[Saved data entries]
──────
(* Let $H$ be a complex Hilbert space, $E$ a finite-dimensional subspace of $H$ and $F$ a subspace of $E$. Then for any unitary operator $u$ on $H$ which fixes each element of $E^{\perp}$, there exists a unique unitary operator $\pi_{E,F}(u)$ on $H$ such that: (i) $\pi_{E,F}(u)$ fixes each element of $F^{\perp}$; (ii) the image of $H$ by $u - \pi_{E,F}(u)$ is included in the image of $F^{\perp}$ by $u - \mathrm{Id}$. Moreover, if $G$ is a subspace of $F$, then $\pi_{F,G}(\pi_{E,F}(u))$ is well-defined and equals $\pi_{E,G}(u)$. *)

theory Defs
  imports Complex_Main
begin

text \<open>HOL-Analysis has no complex inner product spaces, so we introduce them here.
  Convention: the inner product is conjugate-linear in the first argument.\<close>

class complex_vector = ab_group_add +
  fixes scaleC :: "complex \<Rightarrow> 'a \<Rightarrow> 'a"
  assumes scaleC_add_right: "scaleC a (x + y) = scaleC a x + scaleC a y"
    and scaleC_add_left: "scaleC (a + b) x = scaleC a x + scaleC b x"
    and scaleC_scaleC: "scaleC a (scaleC b x) = scaleC (a * b) x"
    and scaleC_one: "scaleC 1 x = x"

class complex_inner = complex_vector +
  fixes cinner :: "'a \<Rightarrow> 'a \<Rightarrow> complex"
  assumes cinner_commute: "cinner x y = cnj (cinner y x)"
    and cinner_add_left: "cinner (x + y) z = cinner x z + cinner y z"
    and cinner_scaleC_left: "cinner (scaleC r x) y = cnj r * cinner x y"
    and cinner_ge_zero: "0 \<le> Re (cinner x x)"
    and cinner_eq_zero_iff: "cinner x x = 0 \<longleftrightarrow> x = 0"

definition cnorm :: "'a::complex_inner \<Rightarrow> real" where
  "cnorm x = sqrt (Re (cinner x x))"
──────
§ **WORK INSTRUCTIONS**
Go through the records above, find each line with the string "class", and copy it.

§ **OUTPUT OF THE EXERCISE**
class complex_vector = ab_group_add +
class complex_inner = complex_vector +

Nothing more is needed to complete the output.